___ Dataset records

lemma doeblin_column_contraction:
  fixes P M :: "real^'n^'n"
  assumes lower: "\<And>i j. \<delta> \<le> P $ i $ j" and row_sums: "P *v 1 = 1"
    and pos: "0 < 1 - real CARD('n) * \<delta>"
    and osc: "\<And>l l'. \<bar>M $ l $ j - M $ l' $ j\<bar> \<le> e"
  shows "\<bar>(P ** M) $ i $ j - (P ** M) $ k $ j\<bar> \<le> (1 - real CARD('n) * \<delta>) * e"
proof -
  have mass: "(\<Sum>l\<in>UNIV. P $ i $ l - \<delta>) = 1 - real CARD('n) * \<delta>" for i
    using row_sums by (simp add: sum_subtractf vec_eq_iff matrix_vector_mult_def)
  have "(P ** M) $ i $ j - (P ** M) $ k $ j = (\<Sum>l\<in>UNIV. ((P $ i $ l - \<delta>) - (P $ k $ l - \<delta>)) * M $ l $ j)"
    by (simp add: matrix_matrix_mult_def sum_subtractf[symmetric] left_diff_distrib)
  also have "\<bar>\<dots>\<bar> \<le> (1 - real CARD('n) * \<delta>) * e"
    by (rule abs_sum_diff_weights_le[OF _ _ mass mass pos osc]) (simp_all add: lower)
  finally show ?thesis .
qed

lemma stationary_entry_deviation_le:
  fixes P :: "real^'n^'n"
  assumes "p v* P = p" and "(\<Sum>i\<in>UNIV. p $ i) = 1"
    and osc: "\<And>l l'. \<bar>P $ l $ j - P $ l' $ j\<bar> \<le> e"
  shows "\<bar>P $ i $ j - p $ j\<bar> \<le> (\<Sum>k\<in>UNIV. \<bar>p $ k\<bar>) * e"
proof -
  have "P $ i $ j - p $ j = (\<Sum>k\<in>UNIV. p $ k * (P $ i $ j - P $ k $ j))"
    using assms(1,2) by (simp add: right_diff_distrib sum_subtractf vec_eq_iff vector_matrix_mult_def
        sum_distrib_right[symmetric])
  also have "\<bar>\<dots>\<bar> \<le> (\<Sum>k\<in>UNIV. \<bar>p $ k\<bar> * e)"
    by (intro order_trans[OF sum_abs] sum_mono) (simp add: abs_mult osc mult_left_mono)
  finally show ?thesis
    by (simp add: sum_distrib_right)
qed

lemma power_floor_le_exp:
  fixes \<rho> t :: real
  assumes "0 < \<rho>" "\<rho> < 1" "0 \<le> t"
  shows "\<rho> ^ nat \<lfloor>t\<rfloor> \<le> exp (- ln \<rho>) * exp (ln \<rho> * t)"
proof -
  have "\<rho> ^ nat \<lfloor>t\<rfloor> = exp (real (nat \<lfloor>t\<rfloor>) * ln \<rho>)"
    using assms by (subst exp_of_nat_mult) simp
  also have "\<dots> \<le> exp ((t - 1) * ln \<rho>)"
    using assms by (intro exp_mono mult_right_mono_neg) (linarith, simp)
  also have "\<dots> = exp (- ln \<rho>) * exp (ln \<rho> * t)"
    by (simp add: exp_add[symmetric] algebra_simps)
  finally show ?thesis .
qed

lemma generator_mat_exp_row_sums:
  "G *v 1 = 0 \<Longrightarrow> mat_exp (t *\<^sub>R G) *v 1 = 1"
  by (rule mat_exp_mult_one_vector) (simp add: scaleR_matrix_vector_assoc[symmetric])

lemma generator_mat_exp_le_one:
  assumes "\<And>i j. i \<noteq> j \<Longrightarrow> 0 \<le> G $ i $ j" and "G *v 1 = 0" and "0 \<le> t"
  shows "mat_exp (t *\<^sub>R G) $ i $ j \<le> 1"
proof -
  have "mat_exp (t *\<^sub>R G) $ i $ j \<le> (\<Sum>l\<in>UNIV. mat_exp (t *\<^sub>R G) $ i $ l)"
    by (rule member_le_sum) (simp_all add: generator_mat_exp_nonneg assms(1,3))
  also have "\<dots> = 1"
    using generator_mat_exp_row_sums[OF assms(2), of t] by (simp add: vec_eq_iff matrix_vector_mult_def)
  finally show ?thesis .
qed

lemma irreducible_generator_doeblin_constant:
  fixes G :: "real^'n^'n"
  assumes "\<And>i j. i \<noteq> j \<Longrightarrow> 0 \<le> G $ i $ j" and "G *v 1 = 0" and "irreducible_gen G"
  obtains \<delta> where "0 < \<delta>" "real CARD('n) * \<delta> < 1" "\<And>i j. \<delta> \<le> mat_exp G $ i $ j"
proof
  define m where "m = Min (range (\<lambda>(i, j). mat_exp G $ i $ j))"
  define \<delta> where "\<delta> = m / 2"
  have "0 < m"
    using irreducible_generator_mat_exp_pos[OF assms(1,3)] by (auto simp: m_def)
  then show "0 < \<delta>"
    by (simp add: \<delta>_def)
  have m_le: "m \<le> mat_exp G $ i $ j" for i j
    unfolding m_def by (rule Min_le) (auto intro: range_eqI[of _ _ "(i, j)"])
  show "\<delta> \<le> mat_exp G $ i $ j" for i j
    using \<open>0 < m\<close> m_le[of i j] unfolding \<delta>_def by linarith
  have two_\<delta>: "2 * \<delta> \<le> mat_exp G $ i $ j" for i j
    by (simp add: \<delta>_def m_le)
  have "(\<Sum>j\<in>(UNIV::'n set). 2 * \<delta>) \<le> (\<Sum>j\<in>UNIV. mat_exp G $ undefined $ j)"
    by (rule sum_mono) (rule two_\<delta>)
  also have "\<dots> = 1"
    using generator_mat_exp_row_sums[OF assms(2), of 1] by (simp add: vec_eq_iff matrix_vector_mult_def)
  finally show "real CARD('n) * \<delta> < 1"
    using \<open>0 < \<delta>\<close> by simp
qed

lemma generator_mat_exp_oscillation_le:
  fixes G :: "real^'n^'n"
  assumes off_diag: "\<And>i j. i \<noteq> j \<Longrightarrow> 0 \<le> G $ i $ j" and row_sums: "G *v 1 = 0"
    and lower: "\<And>i j. \<delta> \<le> mat_exp G $ i $ j" and pos: "0 < 1 - real CARD('n) * \<delta>"
    and "0 \<le> s"
  shows "\<bar>mat_exp ((real m + s) *\<^sub>R G) $ i $ j - mat_exp ((real m + s) *\<^sub>R G) $ k $ j\<bar>
    \<le> (1 - real CARD('n) * \<delta>) ^ m"
  using \<open>0 \<le> s\<close>
proof (induction m arbitrary: i k)
  case 0
  show ?case
    using generator_mat_exp_nonneg[OF off_diag \<open>0 \<le> s\<close>, of i j] generator_mat_exp_nonneg[OF off_diag \<open>0 \<le> s\<close>, of k j]
      generator_mat_exp_le_one[OF off_diag row_sums \<open>0 \<le> s\<close>, of i j] generator_mat_exp_le_one[OF off_diag row_sums \<open>0 \<le> s\<close>, of k j]
    by (simp add: abs_le_iff)
next
  case (Suc m)
  have "mat_exp ((real (Suc m) + s) *\<^sub>R G) = mat_exp G ** mat_exp ((real m + s) *\<^sub>R G)"
    using mat_exp_add[of 1 "real m + s" G] by (simp add: add_ac)
  moreover have "\<bar>(mat_exp G ** mat_exp ((real m + s) *\<^sub>R G)) $ i $ j -
      (mat_exp G ** mat_exp ((real m + s) *\<^sub>R G)) $ k $ j\<bar> \<le> (1 - real CARD('n) * \<delta>) * (1 - real CARD('n) * \<delta>) ^ m"
    using generator_mat_exp_row_sums[OF row_sums, of 1]
    by (intro doeblin_column_contraction lower pos Suc.IH Suc.prems) simp
  ultimately show ?case
    by simp
qed

lemma irreducible_generator_mat_exp_converges:
  fixes G :: "real^'n^'n" and p :: "real^'n"
  assumes off_diag: "\<And>i j. i \<noteq> j \<Longrightarrow> 0 \<le> G $ i $ j" and row_sums: "G *v 1 = 0"
    and irr: "irreducible_gen G" and stat: "p v* G = 0" and mass: "(\<Sum>i\<in>UNIV. p $ i) = 1"
  obtains C a where "\<And>t i j. 0 \<le> t \<Longrightarrow> \<bar>mat_exp (t *\<^sub>R G) $ i $ j - p $ j\<bar> \<le> C * exp (- a * t)"
    and "0 < a"
proof -
  obtain \<delta> where \<delta>: "0 < \<delta>" "real CARD('n) * \<delta> < 1" "\<And>i j. \<delta> \<le> mat_exp G $ i $ j"
    using irreducible_generator_doeblin_constant[OF off_diag row_sums irr] by blast
  define \<rho> where "\<rho> = 1 - real CARD('n) * \<delta>"
  have \<rho>: "0 < \<rho>" "\<rho> < 1"
    using \<delta> by (simp_all add: \<rho>_def)
  define S where "S = (\<Sum>k\<in>UNIV. \<bar>p $ k\<bar>)"
  show ?thesis
  proof
    fix t :: real and i j
    assume "0 \<le> t"
    have "\<bar>mat_exp (t *\<^sub>R G) $ i $ j - p $ j\<bar> \<le> S * \<rho> ^ nat \<lfloor>t\<rfloor>"
      unfolding S_def
    proof (rule stationary_entry_deviation_le[OF _ mass])
      show "p v* mat_exp (t *\<^sub>R G) = p"
        by (rule vector_mat_exp_stationary) (simp add: vector_scaleR_matrix_ac stat)
      show "\<bar>mat_exp (t *\<^sub>R G) $ l $ j - mat_exp (t *\<^sub>R G) $ l' $ j\<bar> \<le> \<rho> ^ nat \<lfloor>t\<rfloor>" for l l'
        using generator_mat_exp_oscillation_le[OF off_diag row_sums \<delta>(3),
            where s = "t - real (nat \<lfloor>t\<rfloor>)" and m = "nat \<lfloor>t\<rfloor>"] \<rho>(1) \<open>0 \<le> t\<close>
        by (simp add: \<rho>_def)
    qed
    also have "\<dots> \<le> S * (exp (- ln \<rho>) * exp (ln \<rho> * t))"
      by (intro mult_left_mono power_floor_le_exp) (use \<rho> \<open>0 \<le> t\<close> in \<open>simp_all add: S_def sum_nonneg\<close>)
    finally show "\<bar>mat_exp (t *\<^sub>R G) $ i $ j - p $ j\<bar> \<le> (S * exp (- ln \<rho>)) * exp (- (- ln \<rho>) * t)"
      by (simp add: mult_ac)
  next
    show "0 < - ln \<rho>"
      using \<rho> by simp
  qed
qed

section \<open>The transition matrices of the counting process\<close>

lemma continuous_on_matrix_mult [continuous_intros]:
  "continuous_on S f \<Longrightarrow> continuous_on S g \<Longrightarrow>
    continuous_on S (\<lambda>x. (f x :: real^'n^'m) ** (g x :: real^'p^'n))"
  by (rule bounded_bilinear.continuous_on[OF matrix_matrix_mult_bounded_bilinear])

lemma map_P_Suc_conv_integral:
  assumes "(\<lambda>s. map_P L0 L1 k s ** L1 ** mat_exp ((- s) *\<^sub>R L0)) integrable_on {0..t}"
  shows "map_P L0 L1 (Suc k) t =
    integral {0..t} (\<lambda>s. map_P L0 L1 k s ** L1 ** mat_exp ((- s) *\<^sub>R L0)) ** mat_exp (t *\<^sub>R L0)"
proof -
  have "map_P L0 L1 (Suc k) t =
      integral {0..t} (\<lambda>s. (map_P L0 L1 k s ** L1 ** mat_exp ((- s) *\<^sub>R L0)) ** mat_exp (t *\<^sub>R L0))"
    by (simp add: mat_exp_diff matrix_mul_assoc)
  also have "\<dots> = integral {0..t} (\<lambda>s. map_P L0 L1 k s ** L1 ** mat_exp ((- s) *\<^sub>R L0)) ** mat_exp (t *\<^sub>R L0)"
    by (rule integral_linear[OF assms bounded_bilinear.bounded_linear_left
          [OF matrix_matrix_mult_bounded_bilinear], unfolded o_def])
  finally show ?thesis .
qed

definition map_P_deriv :: "real^'n^'n \<Rightarrow> real^'n^'n \<Rightarrow> nat \<Rightarrow> real \<Rightarrow> real^'n^'n" where
  "map_P_deriv L0 L1 k t =
     map_P L0 L1 k t ** L0 + (if k = 0 then 0 else map_P L0 L1 (k - 1) t ** L1)"

lemma map_P_has_vector_derivative:
  "t \<in> {0..T} \<Longrightarrow> (map_P L0 L1 k has_vector_derivative map_P_deriv L0 L1 k t) (at t within {0..T})"
proof (induction k arbitrary: t)
  case 0
  show ?case
    using mat_exp_has_vector_derivative[of L0 t] by (simp add: map_P_deriv_def)
next
  case (Suc k)
  define g where "g s = map_P L0 L1 k s ** L1 ** mat_exp ((- s) *\<^sub>R L0)" for s
  have "continuous_on {0..T} (map_P L0 L1 k)"
    using Suc.IH by (rule continuous_on_vector_derivative)
  moreover have "continuous_on {0..T} (\<lambda>s. mat_exp ((- s) *\<^sub>R L0))"
    using continuous_on_mat_exp[of _ "- L0"] by simp
  ultimately have cont_g: "continuous_on {0..T} g"
    unfolding g_def by (intro continuous_intros)
  have P_Suc: "map_P L0 L1 (Suc k) u = integral {0..u} g ** mat_exp (u *\<^sub>R L0)" if "u \<in> {0..T}" for u
    unfolding g_def
    by (rule map_P_Suc_conv_integral, rule integrable_continuous_interval,
        rule continuous_on_subset[OF cont_g[unfolded g_def]]) (use that in auto)
  have "((\<lambda>u. integral {0..u} g ** mat_exp (u *\<^sub>R L0)) has_vector_derivative
      integral {0..t} g ** (mat_exp (t *\<^sub>R L0) ** L0) + g t ** mat_exp (t *\<^sub>R L0)) (at t within {0..T})"
    by (rule bounded_bilinear.has_vector_derivative[OF matrix_matrix_mult_bounded_bilinear
          integral_has_vector_derivative[OF cont_g Suc.prems] mat_exp_has_vector_derivative])
  moreover have "integral {0..t} g ** (mat_exp (t *\<^sub>R L0) ** L0) + g t ** mat_exp (t *\<^sub>R L0) =
      map_P_deriv L0 L1 (Suc k) t"
    using P_Suc[OF Suc.prems]
    by (simp add: map_P_deriv_def g_def matrix_mul_assoc[symmetric] mat_exp_uminus_mult)
  ultimately show ?case
    using has_vector_derivative_transform[OF Suc.prems P_Suc] by simp
qed

lemma continuous_on_map_P: "continuous_on {0..T} (map_P L0 L1 k)"
  by (rule continuous_on_vector_derivative) (rule map_P_has_vector_derivative)

lemma has_integral_power_div_fact:
  fixes t :: real
  assumes "0 \<le> t"
  shows "((\<lambda>s. s ^ k / fact k) has_integral t ^ Suc k / fact (Suc k)) {0..t}"
proof -
  have "((\<lambda>s. s ^ k / fact k) has_integral t ^ Suc k / fact (Suc k) - 0 ^ Suc k / fact (Suc k)) {0..t}"
  proof (rule fundamental_theorem_of_calculus[OF assms])
    show "((\<lambda>s. s ^ Suc k / fact (Suc k)) has_vector_derivative x ^ k / fact k) (at x within {0..t})"
      for x :: real
    proof -
      have "((\<lambda>s. s ^ Suc k) has_real_derivative real (Suc k) * x ^ k) (at x within {0..t})"
        using DERIV_pow[of "Suc k" x] by (simp add: has_field_derivative_at_within)
      then have "((\<lambda>s. s ^ Suc k / fact (Suc k)) has_real_derivative real (Suc k) * x ^ k / fact (Suc k))
          (at x within {0..t})"
        by (rule DERIV_cdivide)
      moreover have "real (Suc k) * x ^ k / fact (Suc k) = x ^ k / fact k"
        by (simp add: fact_Suc del: of_nat_Suc)
      ultimately show ?thesis
        by (simp add: has_real_derivative_iff_has_vector_derivative)
    qed
  qed
  then show ?thesis
    by simp
qed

______

Please count the lines of the entries above that include "ultimately" and give only the total.

4